BEGIN

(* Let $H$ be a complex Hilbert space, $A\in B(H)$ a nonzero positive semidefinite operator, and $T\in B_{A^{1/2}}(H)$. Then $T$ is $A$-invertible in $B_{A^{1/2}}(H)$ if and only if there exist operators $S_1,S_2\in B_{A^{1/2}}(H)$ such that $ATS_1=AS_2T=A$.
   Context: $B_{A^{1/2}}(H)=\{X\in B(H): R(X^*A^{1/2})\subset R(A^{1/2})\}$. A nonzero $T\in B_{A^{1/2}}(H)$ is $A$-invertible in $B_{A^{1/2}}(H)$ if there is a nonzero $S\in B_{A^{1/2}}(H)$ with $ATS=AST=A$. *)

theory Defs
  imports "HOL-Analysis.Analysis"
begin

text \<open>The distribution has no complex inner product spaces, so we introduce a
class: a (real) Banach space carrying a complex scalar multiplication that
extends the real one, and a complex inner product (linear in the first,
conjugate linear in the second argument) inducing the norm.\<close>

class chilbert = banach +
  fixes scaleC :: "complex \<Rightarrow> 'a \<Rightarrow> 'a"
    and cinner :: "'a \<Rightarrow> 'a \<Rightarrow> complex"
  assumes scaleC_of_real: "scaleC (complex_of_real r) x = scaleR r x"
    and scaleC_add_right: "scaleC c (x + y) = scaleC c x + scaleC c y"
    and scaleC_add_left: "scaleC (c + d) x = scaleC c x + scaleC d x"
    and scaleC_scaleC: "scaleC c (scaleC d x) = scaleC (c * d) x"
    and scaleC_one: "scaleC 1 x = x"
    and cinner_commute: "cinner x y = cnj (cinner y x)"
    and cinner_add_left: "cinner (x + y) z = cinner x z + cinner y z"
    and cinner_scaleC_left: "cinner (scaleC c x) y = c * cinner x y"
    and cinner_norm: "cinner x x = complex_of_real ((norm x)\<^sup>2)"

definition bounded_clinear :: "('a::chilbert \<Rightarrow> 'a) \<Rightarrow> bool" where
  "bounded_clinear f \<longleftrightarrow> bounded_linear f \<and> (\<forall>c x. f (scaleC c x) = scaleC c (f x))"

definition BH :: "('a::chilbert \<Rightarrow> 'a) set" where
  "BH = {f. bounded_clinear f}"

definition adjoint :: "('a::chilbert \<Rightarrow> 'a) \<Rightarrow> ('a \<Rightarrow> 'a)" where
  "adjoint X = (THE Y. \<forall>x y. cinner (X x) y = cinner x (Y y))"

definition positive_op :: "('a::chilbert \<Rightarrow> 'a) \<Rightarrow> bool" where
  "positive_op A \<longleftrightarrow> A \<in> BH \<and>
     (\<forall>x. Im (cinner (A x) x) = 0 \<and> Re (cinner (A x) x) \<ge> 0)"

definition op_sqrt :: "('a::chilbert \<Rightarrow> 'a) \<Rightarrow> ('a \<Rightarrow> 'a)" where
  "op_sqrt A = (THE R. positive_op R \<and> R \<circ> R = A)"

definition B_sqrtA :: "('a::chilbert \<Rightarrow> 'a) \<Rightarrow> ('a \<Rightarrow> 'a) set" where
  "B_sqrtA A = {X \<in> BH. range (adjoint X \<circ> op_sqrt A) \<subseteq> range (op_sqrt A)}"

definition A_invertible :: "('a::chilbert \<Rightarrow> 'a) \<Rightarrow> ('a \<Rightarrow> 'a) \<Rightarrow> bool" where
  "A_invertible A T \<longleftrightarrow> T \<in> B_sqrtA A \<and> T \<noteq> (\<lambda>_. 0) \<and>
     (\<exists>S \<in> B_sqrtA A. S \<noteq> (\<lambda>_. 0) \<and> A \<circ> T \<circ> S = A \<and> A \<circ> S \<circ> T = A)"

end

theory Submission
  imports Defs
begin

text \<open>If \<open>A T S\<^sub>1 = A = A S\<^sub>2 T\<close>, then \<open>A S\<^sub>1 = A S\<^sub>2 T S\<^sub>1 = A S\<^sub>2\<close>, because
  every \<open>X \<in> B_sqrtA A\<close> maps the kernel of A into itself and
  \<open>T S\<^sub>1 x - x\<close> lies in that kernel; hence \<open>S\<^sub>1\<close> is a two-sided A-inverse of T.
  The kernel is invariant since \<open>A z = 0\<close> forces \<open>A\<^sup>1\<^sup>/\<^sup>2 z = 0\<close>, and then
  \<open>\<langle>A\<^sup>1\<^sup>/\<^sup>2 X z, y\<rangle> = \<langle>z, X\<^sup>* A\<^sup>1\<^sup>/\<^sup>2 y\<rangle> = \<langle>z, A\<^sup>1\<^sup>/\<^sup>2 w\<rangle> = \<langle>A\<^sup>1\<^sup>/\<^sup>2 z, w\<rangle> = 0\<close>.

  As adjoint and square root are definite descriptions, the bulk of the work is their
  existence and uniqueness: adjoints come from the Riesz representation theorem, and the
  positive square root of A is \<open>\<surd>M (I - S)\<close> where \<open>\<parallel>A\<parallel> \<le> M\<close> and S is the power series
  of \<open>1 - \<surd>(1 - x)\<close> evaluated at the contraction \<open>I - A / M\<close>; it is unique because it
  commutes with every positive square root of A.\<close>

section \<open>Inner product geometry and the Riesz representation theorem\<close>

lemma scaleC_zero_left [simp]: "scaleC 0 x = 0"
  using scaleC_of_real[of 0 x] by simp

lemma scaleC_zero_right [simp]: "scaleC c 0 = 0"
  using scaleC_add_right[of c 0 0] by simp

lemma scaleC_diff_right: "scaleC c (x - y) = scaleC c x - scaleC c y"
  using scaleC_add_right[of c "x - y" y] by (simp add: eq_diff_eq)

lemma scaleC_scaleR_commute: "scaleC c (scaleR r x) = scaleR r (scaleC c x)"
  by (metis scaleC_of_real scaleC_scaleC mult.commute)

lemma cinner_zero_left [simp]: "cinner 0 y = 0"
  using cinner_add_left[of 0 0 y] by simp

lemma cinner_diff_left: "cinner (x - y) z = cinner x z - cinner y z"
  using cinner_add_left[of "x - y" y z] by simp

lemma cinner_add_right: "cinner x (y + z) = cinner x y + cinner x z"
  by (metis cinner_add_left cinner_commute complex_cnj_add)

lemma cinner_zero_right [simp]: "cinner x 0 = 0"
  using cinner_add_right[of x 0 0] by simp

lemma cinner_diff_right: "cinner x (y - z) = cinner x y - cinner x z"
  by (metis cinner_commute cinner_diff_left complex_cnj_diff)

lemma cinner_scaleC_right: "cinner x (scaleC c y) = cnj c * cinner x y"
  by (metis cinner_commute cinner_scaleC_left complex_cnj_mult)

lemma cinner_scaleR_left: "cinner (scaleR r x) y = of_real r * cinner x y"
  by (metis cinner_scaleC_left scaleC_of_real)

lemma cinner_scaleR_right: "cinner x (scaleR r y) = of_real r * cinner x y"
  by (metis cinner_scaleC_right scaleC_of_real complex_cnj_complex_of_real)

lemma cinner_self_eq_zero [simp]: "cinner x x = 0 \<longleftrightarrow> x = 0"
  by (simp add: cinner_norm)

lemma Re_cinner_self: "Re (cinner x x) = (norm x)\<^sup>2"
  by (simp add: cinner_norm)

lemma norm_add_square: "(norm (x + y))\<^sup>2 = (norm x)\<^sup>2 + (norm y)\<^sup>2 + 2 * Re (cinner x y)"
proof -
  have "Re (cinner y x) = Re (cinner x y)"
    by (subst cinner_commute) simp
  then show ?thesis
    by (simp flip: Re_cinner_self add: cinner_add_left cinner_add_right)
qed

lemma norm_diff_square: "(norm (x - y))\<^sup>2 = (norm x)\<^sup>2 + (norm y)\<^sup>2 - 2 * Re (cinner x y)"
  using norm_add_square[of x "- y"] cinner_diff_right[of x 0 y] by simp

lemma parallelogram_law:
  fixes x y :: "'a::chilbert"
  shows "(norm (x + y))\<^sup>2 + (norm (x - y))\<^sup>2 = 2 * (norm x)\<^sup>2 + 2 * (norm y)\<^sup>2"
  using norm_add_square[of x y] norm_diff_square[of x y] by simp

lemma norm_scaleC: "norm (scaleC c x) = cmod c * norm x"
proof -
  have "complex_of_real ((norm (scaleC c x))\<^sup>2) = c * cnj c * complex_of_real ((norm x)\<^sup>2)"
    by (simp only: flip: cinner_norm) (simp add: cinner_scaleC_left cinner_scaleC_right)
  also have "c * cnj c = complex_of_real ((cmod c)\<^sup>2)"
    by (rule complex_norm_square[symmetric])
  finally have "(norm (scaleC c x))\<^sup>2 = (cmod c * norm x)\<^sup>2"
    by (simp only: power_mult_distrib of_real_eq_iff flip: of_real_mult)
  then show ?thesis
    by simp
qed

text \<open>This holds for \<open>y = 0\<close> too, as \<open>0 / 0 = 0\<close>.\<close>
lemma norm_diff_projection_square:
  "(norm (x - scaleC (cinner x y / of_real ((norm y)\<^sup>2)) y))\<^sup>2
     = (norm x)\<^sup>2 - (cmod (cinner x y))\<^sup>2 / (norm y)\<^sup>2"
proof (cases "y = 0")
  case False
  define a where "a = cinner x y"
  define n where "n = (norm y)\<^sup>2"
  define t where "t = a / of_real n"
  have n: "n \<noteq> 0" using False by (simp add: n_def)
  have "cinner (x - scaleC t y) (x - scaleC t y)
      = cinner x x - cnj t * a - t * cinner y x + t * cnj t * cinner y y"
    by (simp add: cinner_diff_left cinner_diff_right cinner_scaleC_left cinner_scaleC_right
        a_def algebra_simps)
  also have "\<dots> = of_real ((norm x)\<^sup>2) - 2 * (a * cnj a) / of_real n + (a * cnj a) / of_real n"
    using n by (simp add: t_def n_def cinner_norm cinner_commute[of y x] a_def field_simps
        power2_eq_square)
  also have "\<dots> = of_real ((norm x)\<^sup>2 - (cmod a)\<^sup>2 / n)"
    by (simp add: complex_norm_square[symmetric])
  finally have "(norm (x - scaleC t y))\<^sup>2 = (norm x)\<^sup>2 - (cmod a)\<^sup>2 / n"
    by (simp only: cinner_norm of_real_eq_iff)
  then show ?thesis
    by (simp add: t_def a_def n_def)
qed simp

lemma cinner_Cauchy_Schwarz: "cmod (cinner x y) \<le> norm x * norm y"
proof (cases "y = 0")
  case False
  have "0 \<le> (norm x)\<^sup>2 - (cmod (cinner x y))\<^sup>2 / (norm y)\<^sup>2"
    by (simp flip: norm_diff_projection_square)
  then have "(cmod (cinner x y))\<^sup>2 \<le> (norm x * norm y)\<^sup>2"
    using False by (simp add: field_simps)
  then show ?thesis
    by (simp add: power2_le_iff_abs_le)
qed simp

END

## Problem statement
Starting at the line that has "using scaleC_of_real[of 0 x] by simp" in the records above, restate word for word every line until the one that has "x) = Re (cinner", and include that one as well.

## Output for this task
  using scaleC_of_real[of 0 x] by simp

lemma scaleC_zero_right [simp]: "scaleC c 0 = 0"
  using scaleC_add_right[of c 0 0] by simp

lemma scaleC_diff_right: "scaleC c (x - y) = scaleC c x - scaleC c y"
  using scaleC_add_right[of c "x - y" y] by (simp add: eq_diff_eq)

lemma scaleC_scaleR_commute: "scaleC c (scaleR r x) = scaleR r (scaleC c x)"
  by (metis scaleC_of_real scaleC_scaleC mult.commute)

lemma cinner_zero_left [simp]: "cinner 0 y = 0"
  using cinner_add_left[of 0 0 y] by simp

lemma cinner_diff_left: "cinner (x - y) z = cinner x z - cinner y z"
  using cinner_add_left[of "x - y" y z] by simp

lemma cinner_add_right: "cinner x (y + z) = cinner x y + cinner x z"
  by (metis cinner_add_left cinner_commute complex_cnj_add)

lemma cinner_zero_right [simp]: "cinner x 0 = 0"
  using cinner_add_right[of x 0 0] by simp

lemma cinner_diff_right: "cinner x (y - z) = cinner x y - cinner x z"
  by (metis cinner_commute cinner_diff_left complex_cnj_diff)

lemma cinner_scaleC_right: "cinner x (scaleC c y) = cnj c * cinner x y"
  by (metis cinner_commute cinner_scaleC_left complex_cnj_mult)

lemma cinner_scaleR_left: "cinner (scaleR r x) y = of_real r * cinner x y"
  by (metis cinner_scaleC_left scaleC_of_real)

lemma cinner_scaleR_right: "cinner x (scaleR r y) = of_real r * cinner x y"
  by (metis cinner_scaleC_right scaleC_of_real complex_cnj_complex_of_real)

lemma cinner_self_eq_zero [simp]: "cinner x x = 0 \<longleftrightarrow> x = 0"
  by (simp add: cinner_norm)

lemma Re_cinner_self: "Re (cinner x x) = (norm x)\<^sup>2"
  by (simp add: cinner_norm)

lemma norm_add_square: "(norm (x + y))\<^sup>2 = (norm x)\<^sup>2 + (norm y)\<^sup>2 + 2 * Re (cinner x y)"
proof -
  have "Re (cinner y x) = Re (cinner x y)"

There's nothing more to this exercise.